Its new approach will focus on piloting innovative approaches to the problems that face newly resettled, former homeless people. It will be looking to work on a consultancy basis for organisations that want to develop new approaches to homelessness.
Speaking exclusively to Housing Today, Crisis chief executive Shaks Ghosh said: "Now rough sleepers are coming off the street, the real challenge starts. That involves behavioural changes, finding ways of engaging them and helping them to make the life changes that will integrate them back into society. We can't abandon the people who are off the street, because life for them is just beginning."

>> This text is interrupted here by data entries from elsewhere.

text \<open>
  Each operation is linearized at the step after which it only has to return: an
  RMaxWrite(x) that writes R at its write of R, every other operation at its read of R.
  Let s be the RangeMaxRegister state reached by the linearized operations. Then s_i never
  exceeds the local r of p_i, while R and every local r, except an r already set to x whose
  R.Write(x) is still due, are bounded by some s_j. Hence a read returns a value between s_i
  and max s, as the specification demands.

  In a sequential execution R holds the maximum M written by the completed operations (or
  max M x once the running RMaxWrite(x) has written), and every r is at most R apart from
  the value just adopted by a writer; so reads return exactly M.

  An operation takes at most two steps, one read and at most one write of R, which bounds
  the step complexity and gives wait-freedom.
\<close>

section \<open>Traces and pending invocations\<close>

lemma ret_idx_SomeD:
  assumes "ret_idx tr k = Some m"
  shows "k < m \<and> m < length tr \<and> is_ret_of (act_proc (tr ! k)) (tr ! m)"
proof -
  obtain ms where "filter (\<lambda>m. is_ret_of (act_proc (tr ! k)) (tr ! m)) [Suc k..<length tr] = m # ms"
    using assms unfolding ret_idx_def by (auto split: list.splits)
  then have "m \<in> set (filter (\<lambda>m. is_ret_of (act_proc (tr ! k)) (tr ! m)) [Suc k..<length tr])"
    by simp
  then show ?thesis by auto
qed

lemma ret_idx_snoc_length: "ret_idx (tr @ [a]) (length tr) = None"
  unfolding ret_idx_def by simp

lemma ret_idx_snoc:
  assumes "k < length tr"
  shows "ret_idx (tr @ [a]) k = (case ret_idx tr k of
      Some m \<Rightarrow> Some m
    | None \<Rightarrow> if is_ret_of (act_proc (tr ! k)) a then Some (length tr) else None)"
proof -
  have "filter (\<lambda>m. is_ret_of (act_proc ((tr @ [a]) ! k)) ((tr @ [a]) ! m)) [Suc k..<length tr]
      = filter (\<lambda>m. is_ret_of (act_proc (tr ! k)) (tr ! m)) [Suc k..<length tr]"
    using assms by (intro filter_cong) (auto simp: nth_append)
  moreover have "[Suc k..<length (tr @ [a])] = [Suc k..<length tr] @ [length tr]"
    using assms by simp
  ultimately show ?thesis
    using assms unfolding ret_idx_def by (auto simp: nth_append split: list.splits)
qed

lemma ret_idx_snoc_non_return:
  "k < length tr \<Longrightarrow> \<not> is_ret_of (act_proc (tr ! k)) a \<Longrightarrow> ret_idx (tr @ [a]) k = ret_idx tr k"
  by (simp add: ret_idx_snoc split: option.split)

lemma ret_idx_snoc_Return:
  "k < length tr \<Longrightarrow> ret_idx (tr @ [Return i v]) k =
     (case ret_idx tr k of Some m \<Rightarrow> Some m
      | None \<Rightarrow> if act_proc (tr ! k) = i then Some (length tr) else None)"
  by (cases "tr ! k") (auto simp: ret_idx_snoc)

lemma ret_idx_snoc_non_return_eq_Some:
  assumes "\<And>j. \<not> is_ret_of j a"
  shows "ret_idx (tr @ [a]) k = Some m \<longleftrightarrow> k < length tr \<and> ret_idx tr k = Some m"
proof (cases "k < length tr")
  case True
  then show ?thesis using assms by (simp add: ret_idx_snoc_non_return)
next
  case False
  then show ?thesis by (simp add: ret_idx_def)
qed

lemma ret_idx_snoc_Return_eq_Some:
  "ret_idx (tr @ [Return i v]) k = Some m \<longleftrightarrow> k < length tr \<and>
     (ret_idx tr k = Some m \<or> ret_idx tr k = None \<and> act_proc (tr ! k) = i \<and> m = length tr)"
proof (cases "k < length tr")
  case True
  then show ?thesis by (auto simp: ret_idx_snoc_Return split: option.split)
next
  case False
  then show ?thesis by (simp add: ret_idx_def)
qed

definition pending :: "act list \<Rightarrow> nat \<Rightarrow> bool" where
  "pending tr k \<longleftrightarrow> k < length tr \<and> is_inv (tr ! k) \<and> ret_idx tr k = None"

lemma pending_snoc:
  "pending (tr @ [a]) k \<longleftrightarrow>
     (k = length tr \<and> is_inv a) \<or> (pending tr k \<and> \<not> is_ret_of (act_proc (tr ! k)) a)"
  unfolding pending_def
  by (cases "k < length tr")
     (auto simp: ret_idx_snoc ret_idx_snoc_length nth_append split: option.splits)

lemma pending_snoc_Step: "pending (tr @ [Step i]) k \<longleftrightarrow> pending tr k"
  by (simp add: pending_snoc)

lemma pending_snoc_Invoke: "pending (tr @ [Invoke i ov]) k \<longleftrightarrow> k = length tr \<or> pending tr k"
  by (auto simp: pending_snoc)

lemma pending_snoc_Return:
  "pending (tr @ [Return i v]) k \<longleftrightarrow> pending tr k \<and> act_proc (tr ! k) \<noteq> i"
  by (auto simp: pending_snoc)

lemma nth_snoc_pending: "pending tr k \<Longrightarrow> (tr @ [a]) ! k = tr ! k"
  by (simp add: pending_def nth_append)

inductive_cases trans_InvokeE: "trans n c (Invoke i ov) c'"
inductive_cases trans_StepE: "trans n c (Step i) c'"
inductive_cases trans_ReturnE: "trans n c (Return i v) c'"

lemma trans_Step_pc: "trans n c (Step i) c' \<Longrightarrow> pc c' = (pc c)(i := pc c' i)"
  by (erule trans_StepE) auto

lemma trans_Step_enabled: "trans n c (Step i) c' \<Longrightarrow> pc c i \<noteq> Idle \<and> (\<forall>v. pc c i \<noteq> Done v)"
  by (erule trans_StepE) auto

fun executes :: "rop \<Rightarrow> pcs \<Rightarrow> bool" where
  "executes (RMaxWrite x) p \<longleftrightarrow> p = WRd x \<or> p = WWrA x \<or> p = WWrB x \<or> p = Done RTrue"
| "executes RMaxRead p \<longleftrightarrow> p = RRd \<or> (\<exists>y. p = Done (RVal y))"

lemma executes_iff:
  "executes ov (WRd x) \<longleftrightarrow> ov = RMaxWrite x" "executes ov (WWrA x) \<longleftrightarrow> ov = RMaxWrite x"
  "executes ov (WWrB x) \<longleftrightarrow> ov = RMaxWrite x" "executes ov RRd \<longleftrightarrow> ov = RMaxRead"
  by (cases ov; auto)+

lemma executes_start: "executes ov (start ov)"
  by (cases ov) auto

lemma executes_not_Idle: "executes ov p \<Longrightarrow> p \<noteq> Idle"
  by (cases ov) auto

lemma trans_Step_executes: "trans n c (Step i) c' \<Longrightarrow> executes ov (pc c i) \<Longrightarrow> executes ov (pc c' i)"
  by (erule trans_StepE) (auto elim: executes.elims)

definition pending_consistent :: "config \<Rightarrow> act list \<Rightarrow> bool" where
  "pending_consistent c tr \<longleftrightarrow>
     (\<forall>k. pending tr k \<longrightarrow> executes (inv_op (tr ! k)) (pc c (act_proc (tr ! k)))) \<and>
     (\<forall>i. pc c i \<noteq> Idle \<longrightarrow> (\<exists>k. pending tr k \<and> act_proc (tr ! k) = i)) \<and>
     (\<forall>k k'. pending tr k \<and> pending tr k' \<and> act_proc (tr ! k) = act_proc (tr ! k') \<longrightarrow> k = k')"

lemma pending_consistent_active:
  assumes "pending_consistent c tr" "pc c i \<noteq> Idle"
  obtains k where "pending tr k" "act_proc (tr ! k) = i" "executes (inv_op (tr ! k)) (pc c i)"
    "\<And>k'. pending tr k' \<Longrightarrow> act_proc (tr ! k') = i \<Longrightarrow> k' = k"
  using assms unfolding pending_consistent_def by metis

lemma pending_consistent_not_Idle:
  "pending_consistent c tr \<Longrightarrow> pending tr k \<Longrightarrow> pc c (act_proc (tr ! k)) \<noteq> Idle"
  unfolding pending_consistent_def by (metis executes_not_Idle)

lemma pending_consistent_Invoke:
  assumes cons: "pending_consistent c tr" and tr: "trans n c (Invoke i ov) c'"
  shows "pending_consistent c' (tr @ [Invoke i ov])"
proof -
  have idle: "pc c i = Idle" and pc': "pc c' = (pc c)(i := start ov)"
    using tr by (auto elim: trans_InvokeE)
  have other: "pending tr k \<Longrightarrow> act_proc (tr ! k) \<noteq> i" for k
    using cons idle pending_consistent_not_Idle by metis
  show ?thesis
    unfolding pending_consistent_def pending_snoc_Invoke
  proof (intro conjI allI impI)
    fix k assume "k = length tr \<or> pending tr k"
    then show "executes (inv_op ((tr @ [Invoke i ov]) ! k))
        (pc c' (act_proc ((tr @ [Invoke i ov]) ! k)))"
      using cons other executes_start
      by (auto simp: pc' nth_snoc_pending pending_consistent_def)
  next
    fix j assume "pc c' j \<noteq> Idle"
    then show "\<exists>k. (k = length tr \<or> pending tr k) \<and> act_proc ((tr @ [Invoke i ov]) ! k) = j"
    proof (cases "j = i")
      case False
      then obtain k where "pending tr k" "act_proc (tr ! k) = j"
        using cons \<open>pc c' j \<noteq> Idle\<close> by (auto simp: pc' pending_consistent_def)
      then show ?thesis by (auto simp: nth_snoc_pending)
    qed (auto intro: exI[of _ "length tr"])
  next
    fix k k' assume "(k = length tr \<or> pending tr k) \<and> (k' = length tr \<or> pending tr k') \<and>
      act_proc ((tr @ [Invoke i ov]) ! k) = act_proc ((tr @ [Invoke i ov]) ! k')"
    then show "k = k'"
      using cons other by (fastforce simp: nth_snoc_pending pending_consistent_def)
  qed
qed

lemma pending_consistent_Step:
  assumes cons: "pending_consistent c tr" and tr: "trans n c (Step i) c'"
  shows "pending_consistent c' (tr @ [Step i])"
proof -
  have pc': "pc c' = (pc c)(i := pc c' i)" by (rule trans_Step_pc[OF tr])
  obtain k where k: "pending tr k" "act_proc (tr ! k) = i" "executes (inv_op (tr ! k)) (pc c i)"
    using pending_consistent_active[OF cons] trans_Step_enabled[OF tr] by metis
  have "executes (inv_op (tr ! k)) (pc c' i)" by (rule trans_Step_executes[OF tr k(3)])
  then have "pc c' i \<noteq> Idle" by (rule executes_not_Idle)
  then have active: "pc c' j \<noteq> Idle \<Longrightarrow> pc c j \<noteq> Idle" for j
    using pc' trans_Step_enabled[OF tr] by (metis fun_upd_other)
  show ?thesis
    using cons trans_Step_executes[OF tr] active unfolding pending_consistent_def pending_snoc_Step
    by (subst pc') (auto simp: nth_snoc_pending cong: conj_cong)
qed

lemma pending_consistent_Return:
  assumes cons: "pending_consistent c tr" and tr: "trans n c (Return i v) c'"
  shows "pending_consistent c' (tr @ [Return i v])"
proof -
  have pc': "pc c' = (pc c)(i := Idle)"
    using tr by (auto elim: trans_ReturnE)
  show ?thesis
    using cons unfolding pending_consistent_def pending_snoc_Return pc'
    by (auto simp: nth_snoc_pending cong: conj_cong)
qed

lemma reach_pending_consistent: "reach n c tr \<Longrightarrow> pending_consistent c tr"
proof (induction rule: reach.induct)
  case reach_init
  show ?case by (simp add: pending_consistent_def init_def pending_def)
next
  case (reach_step c tr a c')
  then show ?case
    by (cases a)
       (auto intro: pending_consistent_Invoke pending_consistent_Step pending_consistent_Return)
qed

section \<open>Linearizability\<close>

definition lin_hist :: "act list \<Rightarrow> (nat \<times> resp) list \<Rightarrow> (nat \<times> rop \<times> resp) list" where
  "lin_hist tr L = map (\<lambda>(k, v). (act_proc (tr ! k), inv_op (tr ! k), v)) L"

The agency believes that many hostels are now part of a wider problem, because they are not addressing reintegration.
Ghosh said:"Many of them are ghettoes of social exclusion. You've only got to go into some of our hostels to see the real problem is that people are sitting in front of the TV. They are warehoused."
She added: "If a housing association, for example, says 'our hostels have become dead end places, we don't want this any more', we hope we will be able to work with them to pilot new ways in which to help formerly homeless people."
The agency is hoping to extend a befriending service that matches volunteers with resettled homeless people, and is working on a cross borough, supported housing "reintegration" pilot, inspired by the Times Square project in New York.
Despite the change, Ghosh insisted the charity would retain its campaigning focus, and keep its name. Its Christmas shelters would also continue, although with a new focus on reintegrating homeless people back into society.
"The crisis on the street has shifted to a crisis in people's lives," she said.